Answer
$$
y=2x^{2}+8x-8
$$
The $x$-intercepts are
$$
x_{1}=2\left(\sqrt{2}-1\right) \approx 0.828 ,\:x_{2}=-2\left(1+\sqrt{2}\right) \approx -4.828
$$
The $y$-intercept is -8.
Vertex parabola is $\left(-2 , -16 \right)$.
The axis is $x=-2$ , the vertical line through the vertex.

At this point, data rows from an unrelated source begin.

(* Let $k\ge 2$, $n\ge1$, and let $L_n$ and the bijection $\varphi:L_n\to E^{n-1}$ be as in the context. If $A\subseteq L_n$ is an intersecting antichain in $E^n$, then $\varphi(A)$ is an intersecting antichain in $E^{n-1}$; and if $B\subseteq E^{n-1}$ is an intersecting antichain, then $\varphi^{-1}(B)$ is an intersecting antichain in $E^n$.
   Context: $E=\{0,\dots,k-1\}$. For $\mathbf a,\mathbf b\in E^m$ write $\mathbf a\preceq\mathbf b$ if $a_i\le b_i$ for all $i$. $A\subseteq E^m$ is an antichain if there are no distinct $\mathbf a,\mathbf b\in A$ with $\mathbf a\preceq\mathbf b$; $A$ is intersecting if for all $\mathbf a,\mathbf b\in A$ (including $\mathbf a=\mathbf b$) there is $i$ with $a_i+b_i\ge k$. For $\mathbf a\in E^n$, $w(\mathbf a)=a_1+\dots+a_n$, and $\mathcal B_t=\{\mathbf a\in E^n: w(\mathbf a)=t\}$. Let $g=\lfloor n(k-1)/2\rfloor$ and $C_i=\{\mathbf a\in E^n: a_1=i\}$. Define $L_n=(\mathcal B_0\cup\dots\cup\mathcal B_g)\cap(C_0\cup C_{k-1})$ if $n(k-1)$ is odd, and $L_n=((\mathcal B_0\cup\dots\cup\mathcal B_{g-1})\cap(C_0\cup C_{k-1}))\cup(\mathcal B_g\cap C_0)$ if $n(k-1)$ is even. For $a\in E$ let $\overline a=k-1-a$. Define $\varphi(a_1,\dots,a_n)=(a_2,\dots,a_n)$ if $a_1=0$ and $\varphi(a_1,\dots,a_n)=(\overline{a}_2,\dots,\overline{a}_n)$ if $a_1=k-1$; this map is a bijection $L_n\to E^{n-1}$. *)

theory Defs
  imports Main
begin

text \<open>Vectors in E^m, E = {0..k-1}, are lists of naturals of length m with entries < k.
  The coordinate a_1 is the head of the list.\<close>

definition cube :: "nat \<Rightarrow> nat \<Rightarrow> nat list set" where
  "cube k m = {a. length a = m \<and> (\<forall>x\<in>set a. x < k)}"

definition vle :: "nat list \<Rightarrow> nat list \<Rightarrow> bool" where
  "vle a b \<longleftrightarrow> list_all2 (\<le>) a b"

definition is_antichain :: "nat list set \<Rightarrow> bool" where
  "is_antichain A \<longleftrightarrow> (\<forall>a\<in>A. \<forall>b\<in>A. a \<noteq> b \<longrightarrow> \<not> vle a b)"

definition is_intersecting :: "nat \<Rightarrow> nat list set \<Rightarrow> bool" where
  "is_intersecting k A \<longleftrightarrow> (\<forall>a\<in>A. \<forall>b\<in>A. \<exists>i < length a. a ! i + b ! i \<ge> k)"

definition weight :: "nat list \<Rightarrow> nat" where
  "weight a = sum_list a"

definition Lset :: "nat \<Rightarrow> nat \<Rightarrow> nat list set" where
  "Lset k n = (let g = n * (k - 1) div 2 in
     if odd (n * (k - 1))
     then {a \<in> cube k n. weight a \<le> g \<and> (hd a = 0 \<or> hd a = k - 1)}
     else {a \<in> cube k n. (weight a < g \<and> (hd a = 0 \<or> hd a = k - 1))
                         \<or> (weight a = g \<and> hd a = 0)})"

definition phi :: "nat \<Rightarrow> nat list \<Rightarrow> nat list" where
  "phi k a = (if hd a = 0 then tl a else map (\<lambda>x. k - 1 - x) (tl a))"

end

theory Submission
  imports Defs
begin

text \<open>Complementation \<open>x \<mapsto> k - 1 - x\<close> turns "\<open>s\<close> does not intersect \<open>t\<close>" into
  "\<open>s \<preceq> \<overline>t\<close>", so on vectors headed by \<open>0\<close> or \<open>k - 1\<close> the map \<open>\<phi>\<close> carries every
  pair that is intersecting and incomparable to such a pair, and back. The only obstruction
  would be a vector \<open>(k-1, s)\<close> with \<open>\<overline>s \<preceq> t\<close> for another \<open>(y, t)\<close> in \<open>L\<^sub>n\<close>; then
  \<open>w(s) + w(t) \<ge> (n-1)(k-1)\<close>, which contradicts the weight bound defining \<open>L\<^sub>n\<close>.\<close>

definition intersects :: "nat \<Rightarrow> nat list \<Rightarrow> nat list \<Rightarrow> bool" where
  "intersects k a b \<longleftrightarrow> (\<exists>i < length a. k \<le> a ! i + b ! i)"

definition compl_vec :: "nat \<Rightarrow> nat list \<Rightarrow> nat list" where
  "compl_vec k = map (\<lambda>x. k - 1 - x)"

definition compatible :: "nat \<Rightarrow> nat list \<Rightarrow> nat list \<Rightarrow> bool" where
  "compatible k a b \<longleftrightarrow> intersects k a b \<and> (a \<noteq> b \<longrightarrow> \<not> vle a b \<and> \<not> vle b a)"

lemma intersecting_antichain_iff_compatible:
  "is_intersecting k X \<and> is_antichain X \<longleftrightarrow> (\<forall>a\<in>X. \<forall>b\<in>X. compatible k a b)"
  unfolding is_intersecting_def is_antichain_def compatible_def intersects_def by auto

lemma intersects_Nil [simp]: "\<not> intersects k [] t"
  by (simp add: intersects_def)

lemma intersects_Cons [simp]:
  "intersects k (x # s) (y # t) \<longleftrightarrow> k \<le> x + y \<or> intersects k s t"
  by (auto simp: intersects_def less_Suc_eq_0_disj)

lemma intersects_commute:
  "length a = length b \<Longrightarrow> intersects k a b \<longleftrightarrow> intersects k b a"
  by (auto simp: intersects_def add.commute)

lemma vle_Cons [simp]: "vle (x # s) (y # t) \<longleftrightarrow> x \<le> y \<and> vle s t"
  by (simp add: vle_def)

lemma vle_refl [simp]: "vle s s"
  by (simp add: vle_def list.rel_refl)

lemma vle_length: "vle s t \<Longrightarrow> length s = length t"
  by (simp add: vle_def list_all2_lengthD)

lemma compatible_commute:
  "length a = length b \<Longrightarrow> compatible k a b \<longleftrightarrow> compatible k b a"
  by (auto simp: compatible_def intersects_commute)

lemma compl_vec_Cons [simp]:
  "compl_vec k [] = []" "compl_vec k (x # t) = (k - 1 - x) # compl_vec k t"
  by (simp_all add: compl_vec_def)

lemma length_compl_vec [simp]: "length (compl_vec k t) = length t"
  by (simp add: compl_vec_def)

lemma compl_vec_cube: "t \<in> cube k m \<Longrightarrow> compl_vec k t \<in> cube k m"
  by (auto simp: cube_def compl_vec_def)

lemma compl_vec_compl_vec: "\<forall>x\<in>set t. x < k \<Longrightarrow> compl_vec k (compl_vec k t) = t"
  by (induct t) auto

lemma intersects_compl_vec_iff:
  "length s = length t \<Longrightarrow> \<forall>y\<in>set t. y < k \<Longrightarrow>
     intersects k s (compl_vec k t) \<longleftrightarrow> \<not> vle s t"
  by (induct s t rule: list_induct2) auto

lemma vle_compl_vec_iff:
  "length s = length t \<Longrightarrow> \<forall>y\<in>set t. y < k \<Longrightarrow>
     vle s (compl_vec k t) \<longleftrightarrow> \<not> intersects k s t"
  by (induct s t rule: list_induct2) auto

lemma vle_compl_vec_compl_vec_iff:
  "length s = length t \<Longrightarrow> \<forall>x\<in>set s. x < k \<Longrightarrow> \<forall>y\<in>set t. y < k \<Longrightarrow>
     vle (compl_vec k s) (compl_vec k t) \<longleftrightarrow> vle t s"
  by (induct s t rule: list_induct2) auto

lemma weight_add_ge_if_vle_compl_vec:
  assumes "vle (compl_vec k s) t"
  shows "length s * (k - 1) \<le> weight s + weight t"
proof -
  have "length s = length t"
    using vle_length[OF assms] by simp
  from this assms show ?thesis
    by (induct s t rule: list_induct2) (auto simp: weight_def)
qed

lemma length_phi [simp]: "length (phi k a) = length a - 1"
  by (simp add: phi_def)

lemma phi_Cons_0 [simp]: "phi k (0 # t) = t"
  by (simp add: phi_def)

lemma phi_Cons_top: "2 \<le> k \<Longrightarrow> phi k ((k - 1) # t) = compl_vec k t"
  by (simp add: phi_def compl_vec_def)

lemma Lset_subset_cube: "Lset k n \<subseteq> cube k n"
  by (auto simp: Lset_def Let_def)

lemma Cons_Lset_cube: "x # t \<in> Lset k n \<Longrightarrow> t \<in> cube k (n - 1)"
  using Lset_subset_cube by (fastforce simp: cube_def)

lemma LsetE:
  assumes "a \<in> Lset k n" and "1 \<le> n"
  obtains t where "a = 0 # t" and "t \<in> cube k (n - 1)"
        | t where "a = (k - 1) # t" and "t \<in> cube k (n - 1)"
  using assms by (cases a) (auto simp: Lset_def Let_def cube_def split: if_splits)

lemma weight_Lset_add_less:
  assumes "a \<in> Lset k n" and "b \<in> Lset k n" and "hd a = k - 1" and "2 \<le> k"
  shows "weight a + weight b < n * (k - 1)"
proof (cases "odd (n * (k - 1))")
  case True
  then have "2 * (n * (k - 1) div 2) < n * (k - 1)"
    by presburger
  moreover have "weight a \<le> n * (k - 1) div 2" "weight b \<le> n * (k - 1) div 2"
    using assms True by (auto simp: Lset_def Let_def)
  ultimately show ?thesis by linarith
next
  case False
  then have "2 * (n * (k - 1) div 2) = n * (k - 1)"
    by presburger
  moreover have "weight a < n * (k - 1) div 2" "weight b \<le> n * (k - 1) div 2"
    using assms False by (auto simp: Lset_def Let_def)
  ultimately show ?thesis by linarith
qed

lemma Lset_top_not_vle_compl_vec:
  assumes "(k - 1) # s \<in> Lset k n" and "y # t \<in> Lset k n" and "2 \<le> k"
  shows "\<not> vle (compl_vec k s) t"
proof
  assume "vle (compl_vec k s) t"
  then have "(n - 1) * (k - 1) \<le> weight s + weight t"
    using weight_add_ge_if_vle_compl_vec assms(1) Lset_subset_cube
    by (fastforce simp: cube_def)
  moreover have "weight ((k - 1) # s) + weight (y # t) < n * (k - 1)"
    using weight_Lset_add_less[OF assms(1,2)] assms(3) by simp
  moreover have "1 \<le> n"
    using assms(1) Lset_subset_cube by (fastforce simp: cube_def)
  ultimately show False
    by (cases n) (auto simp: weight_def)
qed

lemma compatible_phi_iff_mixed:
  assumes a: "0 # s \<in> Lset k n" and b: "(k - 1) # t \<in> Lset k n" and k: "2 \<le> k"
  shows "compatible k (phi k (0 # s)) (phi k ((k - 1) # t))
           \<longleftrightarrow> compatible k (0 # s) ((k - 1) # t)"
proof -
  have len: "length s = length t" and t_lt: "\<forall>y\<in>set t. y < k"
    using Cons_Lset_cube[OF a] Cons_Lset_cube[OF b] by (simp_all add: cube_def)
  have "\<not> vle (compl_vec k t) s"
    using Lset_top_not_vle_compl_vec[OF b a k] .
  then have "s \<noteq> compl_vec k t"
    by auto
  with \<open>\<not> vle (compl_vec k t) s\<close> show ?thesis
    unfolding phi_Cons_0 phi_Cons_top[OF k]
    using len t_lt k by (auto simp: compatible_def intersects_compl_vec_iff vle_compl_vec_iff)
qed

lemma compatible_phi_iff_top:
  assumes a: "(k - 1) # s \<in> Lset k n" and b: "(k - 1) # t \<in> Lset k n" and k: "2 \<le> k"
  shows "compatible k (phi k ((k - 1) # s)) (phi k ((k - 1) # t))
           \<longleftrightarrow> compatible k ((k - 1) # s) ((k - 1) # t)"
proof -
  have len: "length s = length t" and s_lt: "\<forall>x\<in>set s. x < k" and t_lt: "\<forall>y\<in>set t. y < k"
    using Cons_Lset_cube[OF a] Cons_Lset_cube[OF b] by (simp_all add: cube_def)
  have "intersects k (compl_vec k s) (compl_vec k t)"
    using Lset_top_not_vle_compl_vec[OF a b k] intersects_compl_vec_iff[of "compl_vec k s" t k]
      len t_lt by simp
  moreover have "compl_vec k s = compl_vec k t \<longleftrightarrow> s = t"
    using compl_vec_compl_vec s_lt t_lt by metis
  moreover have "k \<le> (k - 1) + (k - 1)"
    using k by simp
  ultimately show ?thesis
    unfolding phi_Cons_top[OF k]
    using len s_lt t_lt by (auto simp: compatible_def vle_compl_vec_compl_vec_iff)
qed

lemma compatible_phi_iff:
  assumes k: "2 \<le> k" and n: "1 \<le> n" and a: "a \<in> Lset k n" and b: "b \<in> Lset k n"
  shows "compatible k (phi k a) (phi k b) \<longleftrightarrow> compatible k a b"
proof -
  have "length a = n" "length b = n"
    using a b Lset_subset_cube unfolding cube_def by blast+
  then have len: "length a = length b" "length (phi k a) = length (phi k b)"
    by simp_all
  from a n show ?thesis
  proof (cases rule: LsetE)
    case a0: (1 s)
    from b n show ?thesis
    proof (cases rule: LsetE)
      case (1 t)
      then show ?thesis
        using a0 k by (simp add: compatible_def)
    next
      case (2 t)
      then show ?thesis
        using a0 a b k compatible_phi_iff_mixed by simp
    qed
  next
    case a1: (2 s)
    from b n show ?thesis
    proof (cases rule: LsetE)
      case (1 t)
      then have "compatible k (phi k b) (phi k a) \<longleftrightarrow> compatible k b a"
        using a1 a b k compatible_phi_iff_mixed by simp
      then show ?thesis
        using compatible_commute len by simp
    next
      case (2 t)
      then show ?thesis
        using a1 a b k compatible_phi_iff_top by simp
    qed
  qed
qed

lemma phi_Lset_cube:
  assumes "2 \<le> k" and "1 \<le> n" and "a \<in> Lset k n"
  shows "phi k a \<in> cube k (n - 1)"
  using assms(3,2)
proof (cases rule: LsetE)
  case (1 t)
  then show ?thesis by simp
next
  case (2 t)
  then have "phi k a = compl_vec k t"
    using phi_Cons_top[OF assms(1)] by simp
  with compl_vec_cube[OF \<open>t \<in> cube k (n - 1)\<close>] show ?thesis
    by simp
qed

lemma all_compatible_phi_image_iff:
  assumes "2 \<le> k" and "1 \<le> n" and "A \<subseteq> Lset k n"
  shows "(\<forall>u\<in>phi k ` A. \<forall>v\<in>phi k ` A. compatible k u v)
           \<longleftrightarrow> (\<forall>a\<in>A. \<forall>b\<in>A. compatible k a b)"
proof -
  have "compatible k (phi k a) (phi k b) \<longleftrightarrow> compatible k a b" if "a \<in> A" and "b \<in> A" for a b
    using compatible_phi_iff[OF assms(1,2)] assms(3) that by blast
  then show ?thesis
    by simp
qed

theorem lemma4:
  fixes k n :: nat
  assumes "k \<ge> 2" and "n \<ge> 1"
  shows "(\<forall>A. A \<subseteq> Lset k n \<and> is_intersecting k A \<and> is_antichain A \<longrightarrow>
            phi k ` A \<subseteq> cube k (n - 1) \<and> is_intersecting k (phi k ` A) \<and> is_antichain (phi k ` A))
       \<and> (\<forall>B. B \<subseteq> cube k (n - 1) \<and> is_intersecting k B \<and> is_antichain B \<longrightarrow>
            (let A = {a \<in> Lset k n. phi k a \<in> B} in
              A \<subseteq> cube k n \<and> is_intersecting k A \<and> is_antichain A))"
  unfolding intersecting_antichain_iff_compatible Let_def
proof (intro conjI allI impI; elim conjE)
  fix A
  assume "A \<subseteq> Lset k n" and "\<forall>a\<in>A. \<forall>b\<in>A. compatible k a b"
  then show "phi k ` A \<subseteq> cube k (n - 1)" and "\<forall>u\<in>phi k ` A. \<forall>v\<in>phi k ` A. compatible k u v"
    using phi_Lset_cube[OF assms] all_compatible_phi_image_iff[OF assms] by blast+
next
  fix B
  assume "\<forall>u\<in>B. \<forall>v\<in>B. compatible k u v"
  moreover have "phi k ` {a \<in> Lset k n. phi k a \<in> B} \<subseteq> B"
    by blast
  ultimately show "\<forall>a\<in>{a \<in> Lset k n. phi k a \<in> B}. \<forall>b\<in>{a \<in> Lset k n. phi k a \<in> B}. compatible k a b"
    using all_compatible_phi_image_iff[OF assms, of "{a \<in> Lset k n. phi k a \<in> B}"] by blast
  show "{a \<in> Lset k n. phi k a \<in> B} \<subseteq> cube k n"
    using Lset_subset_cube by blast
qed

end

Plotting the vertex, the $y$-intercept,the $x$-intercepts. and the point $\left(-2 , -16 \right)$. gives the graph in Figure
Work Step by Step
$$
y=2x^{2}+8x-8
$$
The $x$-intercepts can be found by letting $y=0$ to get
$$
y=2x^{2}+8x-8=x^{2}+4x-4=0
$$
This does not appear to factor, so we’ll try the quadratic formula.
$$
\:x_{1,\:2}=\frac{-4\pm \sqrt{4^2-4\cdot \:1\left(-4\right)}}{2\cdot \:1}
$$
from which
$$
x_{1}=2\left(\sqrt{2}-1\right) \approx 0.828 ,\:x_{2}=-2\left(1+\sqrt{2}\right) \approx -4.828
$$
are the $x$-intercepts.
To find the $y$-intercept , set $x=0 $
$$
y=2. (0)^{2}+8(0)-8=-8.
$$
So the $y$-intercept is -8.
The $x$-coordinate of the vertex is :
$$
x=\frac{-b}{2a}=-\frac{8}{4}=-2
$$
Substituting this into the equation gives
$$
y=2(-2)^{2}+8.(-2)-8=8-16-8=-16
$$
The vertex is $\left(-2 , -16 \right)$.
The axis is $x=-2 $ , the vertical line through the vertex.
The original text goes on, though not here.